▶ [Task description] Find out how many lines of the material contain the string "arguments" and give only that figure.

# # # #

(* Let $0<\varepsilon<\pi/2$ and $0<\eta<\min\{\pi/4,\varepsilon/2\}$. Then there exists a constant $c>0$ such that $$c(|\lambda|^{1/2}+\tilde A)^3\le|\det L|\qquad\text{for all }\lambda\in\Sigma_\varepsilon,\ \xi'\in\tilde\Sigma_\eta^{n-1}.$$
   Context: $\rho_\pm,\mu_\pm>0$ are constants. $\Sigma_\varepsilon=\{\lambda\in\mathbb C\setminus\{0\}:|\arg\lambda|<\pi-\varepsilon\}$, $\tilde\Sigma_\eta=\{z\in\mathbb C\setminus\{0\}:|\arg z|<\eta\}\cup\{z\in\mathbb C\setminus\{0\}:\pi-\eta<|\arg z|\}$, and $\xi'=(\xi_1,\dots,\xi_{n-1})\in\tilde\Sigma_\eta^{n-1}$. Set $A=\sqrt{\sum_{j=1}^{n-1}\xi_j^2}$, $B_\pm=\sqrt{\rho_\pm\mu_\pm^{-1}\lambda+A^2}$ (square roots with positive real part), $\tilde A=\sqrt{\sum_{j=1}^{n-1}|\xi_j|^2}$, and $$L=\begin{bmatrix}\mu_+(B_++A)&\mu_+(B_+^2+A^2)&-\mu_-(B_-+A)&-\mu_-(B_-^2+A^2)\\ \mu_+(B_+-A)&-2\mu_+AB_+&\mu_-(B_--A)&-2\mu_-AB_-\\ 1&B_+&1&B_-\\ 0&1&0&-1\end{bmatrix}.$$ *)

theory Defs
  imports "HOL-Analysis.Analysis"
begin

definition Sigma_sec :: "real \<Rightarrow> complex set" where
  "Sigma_sec \<epsilon> = {lam. lam \<noteq> 0 \<and> \<bar>Arg lam\<bar> < pi - \<epsilon>}"

definition Sigma_tilde :: "real \<Rightarrow> complex set" where
  "Sigma_tilde \<eta> = {z. z \<noteq> 0 \<and> (\<bar>Arg z\<bar> < \<eta> \<or> pi - \<eta> < \<bar>Arg z\<bar>)}"

definition A_sym :: "complex ^ 'm \<Rightarrow> complex" where
  "A_sym \<xi> = csqrt (\<Sum>j\<in>UNIV. (\<xi> $ j)^2)"

definition B_sym :: "real \<Rightarrow> real \<Rightarrow> complex \<Rightarrow> complex ^ 'm \<Rightarrow> complex" where
  "B_sym \<rho> \<mu> lam \<xi> = csqrt (complex_of_real (\<rho> / \<mu>) * lam + (A_sym \<xi>)^2)"

definition A_tilde :: "complex ^ 'm \<Rightarrow> real" where
  "A_tilde \<xi> = sqrt (\<Sum>j\<in>UNIV. (cmod (\<xi> $ j))^2)"

definition L_mat :: "real \<Rightarrow> real \<Rightarrow> real \<Rightarrow> real \<Rightarrow> complex \<Rightarrow> complex ^ 'm \<Rightarrow> complex ^ 4 ^ 4" where
  "L_mat \<rho>p \<rho>m \<mu>p \<mu>m lam \<xi> =
    (let A = A_sym \<xi>; Bp = B_sym \<rho>p \<mu>p lam \<xi>; Bm = B_sym \<rho>m \<mu>m lam \<xi>;
         mp = complex_of_real \<mu>p; mm = complex_of_real \<mu>m in
     vector [
       vector [mp * (Bp + A), mp * (Bp^2 + A^2), - mm * (Bm + A), - mm * (Bm^2 + A^2)],
       vector [mp * (Bp - A), - 2 * mp * A * Bp, mm * (Bm - A), - 2 * mm * A * Bm],
       vector [1, Bp, 1, Bm],
       vector [0, 1, 0, -1]])"

end

theory Submission
  imports Defs
begin

(*
  Put W = pi - eps + 2 eta < pi. Everything is controlled by arguments: lam has argument phi
  with |phi| < pi - eps and A^2 = sum xi_j^2 has argument s with |s| <= 2 eta, so |phi - s| <= W.
  Hence B_pm = sqrt (rho_pm / mu_pm lam + A^2), A, X = mu_+ B_+ + mu_- A and Y = mu_- B_- + mu_+ A
  all have arguments between phi/2 and s/2, and a sum of numbers in a sector of opening less than
  pi loses at most the factor cos of half the opening. This gives |X|, |Y| >= c (|lam|^(1/2) + |A|)
  and |A| >= cos (2 eta)^(1/2) A_tilde. Using rho_pm lam = mu_pm (B_pm^2 - A^2), the cofactor
  expansion factors as det L = (rho_+ + rho_-) lam (X + Y) + 4 A X Y; after division by X Y the
  three summands lie in the sector of half-width W/2 around phi/2, so
  |det L| >= cos (W/2) ((rho_+ + rho_-) |lam| (|X| + |Y|) + 4 |A| |X| |Y|),
  which is cubic in |lam|^(1/2) + |A|.
*)

text \<open>The closed sector of all \<open>rcis r t\<close> with \<open>r \<ge> 0\<close> and \<open>a \<le> t \<le> b\<close>; the bounds are
  not reduced modulo \<open>2 * pi\<close>, and \<open>0\<close> lies in every nonempty sector.\<close>
definition sector :: "real \<Rightarrow> real \<Rightarrow> complex set" where
  "sector a b = {z. \<exists>t. a \<le> t \<and> t \<le> b \<and> z = rcis (cmod z) t}"

lemma rcis_in_sector: "0 \<le> r \<Longrightarrow> a \<le> t \<Longrightarrow> t \<le> b \<Longrightarrow> rcis r t \<in> sector a b"
  by (auto simp: sector_def)

lemma sectorE:
  assumes "z \<in> sector a b"
  obtains r t where "0 \<le> r" "a \<le> t" "t \<le> b" "z = rcis r t"
  using assms norm_ge_zero unfolding sector_def by blast

lemma sector_mono: "a' \<le> a \<Longrightarrow> b \<le> b' \<Longrightarrow> sector a b \<subseteq> sector a' b'"
  by (auto elim!: sectorE intro!: rcis_in_sector)

lemma of_real_mult_in_sector:
  assumes "z \<in> sector a b" "0 \<le> c"
  shows "of_real c * z \<in> sector a b"
proof -
  obtain r t where "0 \<le> r" "a \<le> t" "t \<le> b" and z: "z = rcis r t"
    using assms(1) by (rule sectorE)
  have "of_real c * z = rcis (c * r) t"
    by (simp add: z rcis_def mult.assoc)
  with \<open>0 \<le> r\<close> \<open>a \<le> t\<close> \<open>t \<le> b\<close> assms(2) show ?thesis
    by (simp add: rcis_in_sector)
qed

lemma mult_cis_in_sector:
  assumes "z \<in> sector a b"
  shows "z * cis c \<in> sector (a + c) (b + c)"
proof -
  obtain r t where "0 \<le> r" "a \<le> t" "t \<le> b" and z: "z = rcis r t"
    using assms by (rule sectorE)
  have "z * cis c = rcis r (t + c)"
    by (simp add: z rcis_def mult.assoc cis_mult)
  with \<open>0 \<le> r\<close> \<open>a \<le> t\<close> \<open>t \<le> b\<close> show ?thesis
    by (simp add: rcis_in_sector)
qed

lemma divide_in_sector:
  assumes "z \<in> sector a b" "0 \<le> r"
  shows "rcis r c / z \<in> sector (c - b) (c - a)"
proof -
  obtain \<rho> t where "0 \<le> \<rho>" "a \<le> t" "t \<le> b" and z: "z = rcis \<rho> t"
    using assms(1) by (rule sectorE)
  have "rcis r c / z = rcis (r / \<rho>) (c - t)"
    by (simp add: z rcis_divide)
  with \<open>0 \<le> \<rho>\<close> \<open>a \<le> t\<close> \<open>t \<le> b\<close> assms(2) show ?thesis
    by (simp add: rcis_in_sector)
qed

lemma Re_mult_cis_ge_in_sector:
  assumes "z \<in> sector (m - \<delta>) (m + \<delta>)" "\<delta> \<le> pi"
  shows "cos \<delta> * cmod z \<le> Re (z * cis (- m))"
proof -
  obtain r t where "0 \<le> r" "m - \<delta> \<le> t" "t \<le> m + \<delta>" and z: "z = rcis r t"
    using assms(1) by (rule sectorE)
  have "cos \<delta> \<le> cos \<bar>t - m\<bar>"
    using \<open>m - \<delta> \<le> t\<close> \<open>t \<le> m + \<delta>\<close> assms(2) by (intro cos_monotone_0_pi_le) auto
  then have "cos \<delta> * r \<le> r * cos (t - m)"
    using \<open>0 \<le> r\<close> by (simp add: mult.commute mult_left_mono)
  also have "\<dots> = Re (z * cis (- m))"
    by (simp add: z rcis_def cis_mult cos_diff algebra_simps)
  finally show ?thesis
    using \<open>0 \<le> r\<close> by (simp add: z)
qed

lemma sector_subset_centered:
  assumes "b - a \<le> 2 * \<delta>"
  shows "sector a b \<subseteq> sector ((a + b) / 2 - \<delta>) ((a + b) / 2 + \<delta>)"
  using assms by (intro sector_mono) (simp_all add: field_simps)

lemma norm_add_ge_in_sector:
  assumes "z \<in> sector a b" "w \<in> sector a b" "b - a \<le> 2 * \<delta>" "\<delta> \<le> pi"
  shows "cos \<delta> * (cmod z + cmod w) \<le> cmod (z + w)"
proof -
  define m where "m = (a + b) / 2"
  have "cos \<delta> * (cmod z + cmod w) \<le> Re (z * cis (- m)) + Re (w * cis (- m))"
    unfolding distrib_left m_def using assms sector_subset_centered[OF assms(3)]
    by (intro add_mono Re_mult_cis_ge_in_sector) auto
  also have "\<dots> \<le> cmod ((z + w) * cis (- m))"
    by (metis complex_Re_le_cmod distrib_right plus_complex.sel(1))
  finally show ?thesis
    by (simp add: norm_mult)
qed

# # # #

▶ [The answer] 2